→ EXERCISE OBJECTIVE:
Copy each line below in which the string "lambda" occurs.

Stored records
lemma KR_u_chart_iso:
  assumes "k \<ge> 1"
  shows "variety_iso 4 {v \<in> KR_threefold k a2 a3. KR_unit k v \<noteq> 0}
    3 {w \<in> affine_space 3. KR_u_chart_unit k a2 a3 w \<noteq> 0} (KR_u_chart k)"
proof -
  define U where "U = {v \<in> KR_threefold k a2 a3. KR_unit k v \<noteq> 0}"
  define U' where "U' = {w \<in> affine_space 3. KR_u_chart_unit k a2 a3 w \<noteq> 0}"
  have U: "U \<subseteq> affine_space 4" and U': "U' \<subseteq> affine_space 3"
    using KR_threefold_subset by (auto simp: U_def U'_def)
  have "regular_fun 4 U (\<lambda>v. v ! 1 / KR_unit k v ^ (k - 1))"
    by (rule regular_fun_divide[OF _ _ U]) (auto simp: U_def intro!: polyfun_intros polyfun_KR_unit)
  then have "regular_map 4 U 3 (KR_u_chart k)"
    unfolding regular_map_def KR_u_chart_def all_less_3
    by (auto intro!: regular_fun_polyfun[OF _ U] polyfun_intros)
  moreover have "regular_fun 3 U' (\<lambda>w. - (w ! 1 ^ a2 + w ! 2 ^ a3) / KR_u_chart_unit k a2 a3 w)"
    by (rule regular_fun_divide[OF _ polyfun_KR_u_chart_unit U']) (auto simp: U'_def intro!: polyfun_intros)
  then have "regular_map 3 U' 4 (KR_u_chart_inv k a2 a3)"
    unfolding regular_map_def KR_u_chart_inv_def all_less_4
    by (auto intro!: regular_fun_polyfun[OF _ U'] polyfun_intros polyfun_KR_u_chart_unit)
  moreover have "KR_u_chart k v \<in> U'" "KR_u_chart_inv k a2 a3 (KR_u_chart k v) = v" if "v \<in> U" for v
  proof -
    have "length v = 4" "KR_unit k v \<noteq> 0" "- (v ! 2 ^ a2 + v ! 3 ^ a3) = v ! 0 * KR_unit k v"
      using that KR_threefold_iff_unit[OF assms] by (auto simp: U_def)
    then show "KR_u_chart k v \<in> U'" "KR_u_chart_inv k a2 a3 (KR_u_chart k v) = v"
      using KR_u_chart_unit_KR_u_chart[OF assms] that
      by (auto simp: U_def U'_def KR_u_chart_def KR_u_chart_inv_def affine_space_def
          list_eq_iff_nth_eq less_Suc_eq numeral_eq_Suc)
  qed
  moreover have "KR_u_chart_inv k a2 a3 w \<in> U" "KR_u_chart k (KR_u_chart_inv k a2 a3 w) = w" if "w \<in> U'" for w
  proof -
    have "length w = 3" "KR_u_chart_unit k a2 a3 w \<noteq> 0"
      using that by (auto simp: U'_def affine_space_def)
    then show "KR_u_chart_inv k a2 a3 w \<in> U" "KR_u_chart k (KR_u_chart_inv k a2 a3 w) = w"
      using KR_unit_KR_u_chart_inv KR_threefold_iff_unit[OF assms]
      by (auto simp: U_def KR_u_chart_def KR_u_chart_inv_def list_eq_iff_nth_eq less_Suc_eq numeral_eq_Suc)
  qed
  ultimately show ?thesis
    unfolding variety_iso_def U_def U'_def by blast
qed

lemma KR_u_chart_equivariant:
  "gm_equivariant (KR_action k a2 a3)
    (rep_act 3 (diag_rep [- (int (k - 1) * int a2 * int a3), int a3, int a2])) U (KR_u_chart k)"
  unfolding gm_equivariant_def
  by (simp add: rep_act_diag_rep_3 KR_u_chart_def KR_unit_action power_int_of_nat)
     (simp add: KR_action_def)

lemma KR_linearly_rational_at_unit_nonzero:
  assumes "k \<ge> 1" "x \<in> KR_threefold k a2 a3" "KR_unit k x \<noteq> 0"
  shows "gm_linearly_rational_at 4 (KR_threefold k a2 a3) (KR_action k a2 a3) x"
  by (rule gm_linearly_rational_at_diag_chart[where d = 0,
        OF KR_threefold_subset gm_stable_KR_threefold[OF assms(1)] polyfun_KR_unit _
        polyfun_KR_u_chart_unit assms(2,3) KR_u_chart_iso[OF assms(1)] KR_u_chart_equivariant])
     (simp add: KR_unit_action)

→ EXERCISE ANSWER:
  have "regular_fun 4 U (\<lambda>v. v ! 1 / KR_unit k v ^ (k - 1))"
  moreover have "regular_fun 3 U' (\<lambda>w. - (w ! 1 ^ a2 + w ! 2 ^ a3) / KR_u_chart_unit k a2 a3 w)"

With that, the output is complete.